About this exercise: From the listing below, pull out all lines with "metis" in them.

Given records:
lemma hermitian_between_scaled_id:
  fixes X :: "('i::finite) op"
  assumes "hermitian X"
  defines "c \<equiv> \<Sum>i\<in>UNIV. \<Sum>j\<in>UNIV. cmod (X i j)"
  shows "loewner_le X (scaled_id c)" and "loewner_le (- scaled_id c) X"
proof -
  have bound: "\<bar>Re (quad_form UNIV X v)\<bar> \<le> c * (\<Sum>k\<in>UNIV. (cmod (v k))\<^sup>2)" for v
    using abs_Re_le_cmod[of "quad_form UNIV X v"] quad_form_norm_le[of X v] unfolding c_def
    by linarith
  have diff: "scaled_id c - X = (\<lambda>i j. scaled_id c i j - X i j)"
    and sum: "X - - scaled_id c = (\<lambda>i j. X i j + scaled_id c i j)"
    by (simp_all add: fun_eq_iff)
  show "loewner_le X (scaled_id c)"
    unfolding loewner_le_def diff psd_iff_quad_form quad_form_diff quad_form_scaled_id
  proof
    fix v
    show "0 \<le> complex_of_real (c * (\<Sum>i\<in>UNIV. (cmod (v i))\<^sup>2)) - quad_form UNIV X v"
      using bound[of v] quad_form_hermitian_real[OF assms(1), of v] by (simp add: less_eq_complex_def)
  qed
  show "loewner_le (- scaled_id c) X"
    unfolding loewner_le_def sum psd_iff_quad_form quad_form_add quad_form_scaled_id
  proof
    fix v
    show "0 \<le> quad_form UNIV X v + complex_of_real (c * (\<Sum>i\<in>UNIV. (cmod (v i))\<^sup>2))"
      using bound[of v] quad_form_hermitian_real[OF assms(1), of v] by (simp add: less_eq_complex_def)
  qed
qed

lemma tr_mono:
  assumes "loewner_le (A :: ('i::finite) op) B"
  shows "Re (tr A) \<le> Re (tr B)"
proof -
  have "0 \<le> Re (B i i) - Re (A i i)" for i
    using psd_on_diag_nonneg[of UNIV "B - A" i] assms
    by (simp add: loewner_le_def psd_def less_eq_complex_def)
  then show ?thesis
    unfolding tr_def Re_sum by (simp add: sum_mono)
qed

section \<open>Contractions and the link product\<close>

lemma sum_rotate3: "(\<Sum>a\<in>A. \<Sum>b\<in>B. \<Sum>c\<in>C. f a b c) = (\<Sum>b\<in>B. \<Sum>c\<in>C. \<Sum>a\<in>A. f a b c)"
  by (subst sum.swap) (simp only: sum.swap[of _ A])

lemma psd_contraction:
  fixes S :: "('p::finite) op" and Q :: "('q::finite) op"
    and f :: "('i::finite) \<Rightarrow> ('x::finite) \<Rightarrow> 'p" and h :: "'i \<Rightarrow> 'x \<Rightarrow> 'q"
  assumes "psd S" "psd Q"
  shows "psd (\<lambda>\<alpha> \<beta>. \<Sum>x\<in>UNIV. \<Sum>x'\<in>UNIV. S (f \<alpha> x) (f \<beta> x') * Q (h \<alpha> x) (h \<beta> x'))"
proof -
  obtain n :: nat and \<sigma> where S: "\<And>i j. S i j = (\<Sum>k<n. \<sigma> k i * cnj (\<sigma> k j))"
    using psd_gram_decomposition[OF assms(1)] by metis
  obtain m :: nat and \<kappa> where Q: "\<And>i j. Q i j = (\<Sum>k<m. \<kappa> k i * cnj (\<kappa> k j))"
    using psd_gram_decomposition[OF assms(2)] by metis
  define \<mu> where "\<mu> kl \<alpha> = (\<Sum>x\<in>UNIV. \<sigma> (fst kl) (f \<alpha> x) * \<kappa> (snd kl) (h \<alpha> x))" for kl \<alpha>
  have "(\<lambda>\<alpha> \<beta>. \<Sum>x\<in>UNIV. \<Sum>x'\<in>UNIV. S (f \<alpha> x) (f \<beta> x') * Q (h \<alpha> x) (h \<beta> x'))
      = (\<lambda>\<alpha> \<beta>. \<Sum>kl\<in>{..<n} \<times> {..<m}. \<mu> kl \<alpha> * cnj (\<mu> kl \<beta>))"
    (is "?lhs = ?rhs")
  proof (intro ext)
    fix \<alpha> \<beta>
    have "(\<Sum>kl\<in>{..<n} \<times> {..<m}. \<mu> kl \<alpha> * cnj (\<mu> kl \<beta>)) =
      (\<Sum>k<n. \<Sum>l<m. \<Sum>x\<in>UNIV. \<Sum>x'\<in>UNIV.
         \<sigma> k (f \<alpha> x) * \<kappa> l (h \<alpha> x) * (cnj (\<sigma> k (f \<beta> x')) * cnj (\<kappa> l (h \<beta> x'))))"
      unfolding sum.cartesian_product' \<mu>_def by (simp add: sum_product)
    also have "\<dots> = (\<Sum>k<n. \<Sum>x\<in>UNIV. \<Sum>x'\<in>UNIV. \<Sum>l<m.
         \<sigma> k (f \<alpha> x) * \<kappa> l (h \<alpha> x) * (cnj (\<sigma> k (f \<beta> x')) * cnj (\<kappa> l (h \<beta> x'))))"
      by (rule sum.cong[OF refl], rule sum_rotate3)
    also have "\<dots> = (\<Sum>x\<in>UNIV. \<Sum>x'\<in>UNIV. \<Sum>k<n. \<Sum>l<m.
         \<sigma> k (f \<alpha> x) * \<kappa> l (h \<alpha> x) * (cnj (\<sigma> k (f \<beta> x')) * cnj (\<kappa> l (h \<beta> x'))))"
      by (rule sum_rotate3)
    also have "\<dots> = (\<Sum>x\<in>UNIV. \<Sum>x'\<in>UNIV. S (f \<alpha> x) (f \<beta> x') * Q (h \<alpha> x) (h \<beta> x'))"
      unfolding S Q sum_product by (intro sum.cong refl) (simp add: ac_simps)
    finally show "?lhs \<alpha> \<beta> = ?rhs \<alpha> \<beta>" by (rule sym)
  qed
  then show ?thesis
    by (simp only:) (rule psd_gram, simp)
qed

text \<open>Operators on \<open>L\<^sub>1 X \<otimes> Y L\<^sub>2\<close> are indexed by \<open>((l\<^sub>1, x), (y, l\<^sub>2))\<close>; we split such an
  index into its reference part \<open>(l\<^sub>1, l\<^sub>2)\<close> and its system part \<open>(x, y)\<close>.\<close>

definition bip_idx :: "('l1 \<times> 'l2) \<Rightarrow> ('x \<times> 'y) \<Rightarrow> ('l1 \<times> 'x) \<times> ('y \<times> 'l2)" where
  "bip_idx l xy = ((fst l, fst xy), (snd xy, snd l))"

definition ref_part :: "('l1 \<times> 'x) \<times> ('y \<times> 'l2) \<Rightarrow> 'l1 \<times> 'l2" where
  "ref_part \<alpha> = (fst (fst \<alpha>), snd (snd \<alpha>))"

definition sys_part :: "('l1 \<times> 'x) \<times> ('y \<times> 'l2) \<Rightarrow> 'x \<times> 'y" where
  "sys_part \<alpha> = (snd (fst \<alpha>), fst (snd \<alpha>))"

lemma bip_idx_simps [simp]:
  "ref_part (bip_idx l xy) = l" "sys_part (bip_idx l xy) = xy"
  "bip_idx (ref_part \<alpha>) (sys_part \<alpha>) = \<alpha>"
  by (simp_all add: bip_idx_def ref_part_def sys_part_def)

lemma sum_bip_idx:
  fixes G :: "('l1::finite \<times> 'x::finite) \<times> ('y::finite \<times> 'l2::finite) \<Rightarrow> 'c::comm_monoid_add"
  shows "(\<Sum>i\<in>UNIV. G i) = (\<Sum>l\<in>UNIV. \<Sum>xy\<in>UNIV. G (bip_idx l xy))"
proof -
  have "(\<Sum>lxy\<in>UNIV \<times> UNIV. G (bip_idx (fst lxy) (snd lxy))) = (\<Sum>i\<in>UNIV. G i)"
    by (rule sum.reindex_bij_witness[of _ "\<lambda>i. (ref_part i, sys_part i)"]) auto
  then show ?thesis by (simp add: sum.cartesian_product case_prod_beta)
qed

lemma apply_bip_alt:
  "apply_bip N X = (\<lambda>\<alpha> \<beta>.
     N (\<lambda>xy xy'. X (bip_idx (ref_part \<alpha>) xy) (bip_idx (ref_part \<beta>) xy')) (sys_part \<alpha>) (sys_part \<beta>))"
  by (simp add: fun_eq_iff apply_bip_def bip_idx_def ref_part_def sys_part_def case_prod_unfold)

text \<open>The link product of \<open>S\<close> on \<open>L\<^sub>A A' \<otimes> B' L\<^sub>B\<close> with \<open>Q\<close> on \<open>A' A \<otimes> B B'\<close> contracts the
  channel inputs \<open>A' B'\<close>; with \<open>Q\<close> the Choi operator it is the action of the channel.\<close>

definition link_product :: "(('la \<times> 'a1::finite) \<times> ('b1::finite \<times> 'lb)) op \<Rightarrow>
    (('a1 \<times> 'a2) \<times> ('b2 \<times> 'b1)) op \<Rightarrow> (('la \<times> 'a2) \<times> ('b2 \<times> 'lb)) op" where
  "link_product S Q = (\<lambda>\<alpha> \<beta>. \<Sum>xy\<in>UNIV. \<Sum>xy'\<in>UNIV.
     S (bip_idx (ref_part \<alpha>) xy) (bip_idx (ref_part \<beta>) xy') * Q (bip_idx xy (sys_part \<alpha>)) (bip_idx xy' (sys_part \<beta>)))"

* * *

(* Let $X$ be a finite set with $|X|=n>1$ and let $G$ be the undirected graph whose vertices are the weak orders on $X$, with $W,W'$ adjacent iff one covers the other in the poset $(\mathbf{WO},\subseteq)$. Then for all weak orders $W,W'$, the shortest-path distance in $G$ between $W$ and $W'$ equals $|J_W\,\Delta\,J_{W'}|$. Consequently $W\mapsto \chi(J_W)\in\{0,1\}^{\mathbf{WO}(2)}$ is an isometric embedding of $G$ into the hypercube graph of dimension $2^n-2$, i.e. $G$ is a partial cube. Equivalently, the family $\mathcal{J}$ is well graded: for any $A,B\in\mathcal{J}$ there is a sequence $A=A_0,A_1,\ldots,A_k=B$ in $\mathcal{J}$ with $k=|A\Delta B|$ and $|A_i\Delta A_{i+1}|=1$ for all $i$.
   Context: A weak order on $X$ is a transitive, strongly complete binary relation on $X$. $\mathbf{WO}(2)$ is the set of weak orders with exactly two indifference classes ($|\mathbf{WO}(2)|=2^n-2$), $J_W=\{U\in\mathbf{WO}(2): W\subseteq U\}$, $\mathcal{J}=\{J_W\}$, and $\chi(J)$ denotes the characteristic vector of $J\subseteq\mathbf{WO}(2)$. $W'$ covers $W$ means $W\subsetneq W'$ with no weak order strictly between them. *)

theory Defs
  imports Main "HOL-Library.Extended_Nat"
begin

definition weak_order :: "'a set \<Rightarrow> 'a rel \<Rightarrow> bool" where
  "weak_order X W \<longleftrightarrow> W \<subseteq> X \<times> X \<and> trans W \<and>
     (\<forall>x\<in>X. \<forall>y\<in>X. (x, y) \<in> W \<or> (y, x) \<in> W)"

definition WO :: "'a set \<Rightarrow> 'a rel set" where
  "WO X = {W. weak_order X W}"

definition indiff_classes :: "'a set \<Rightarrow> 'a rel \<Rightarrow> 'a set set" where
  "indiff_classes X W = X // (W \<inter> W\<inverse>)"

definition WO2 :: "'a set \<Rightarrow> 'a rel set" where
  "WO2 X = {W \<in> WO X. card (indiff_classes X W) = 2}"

Response area:
    using psd_gram_decomposition[OF assms(1)] by metis
    using psd_gram_decomposition[OF assms(2)] by metis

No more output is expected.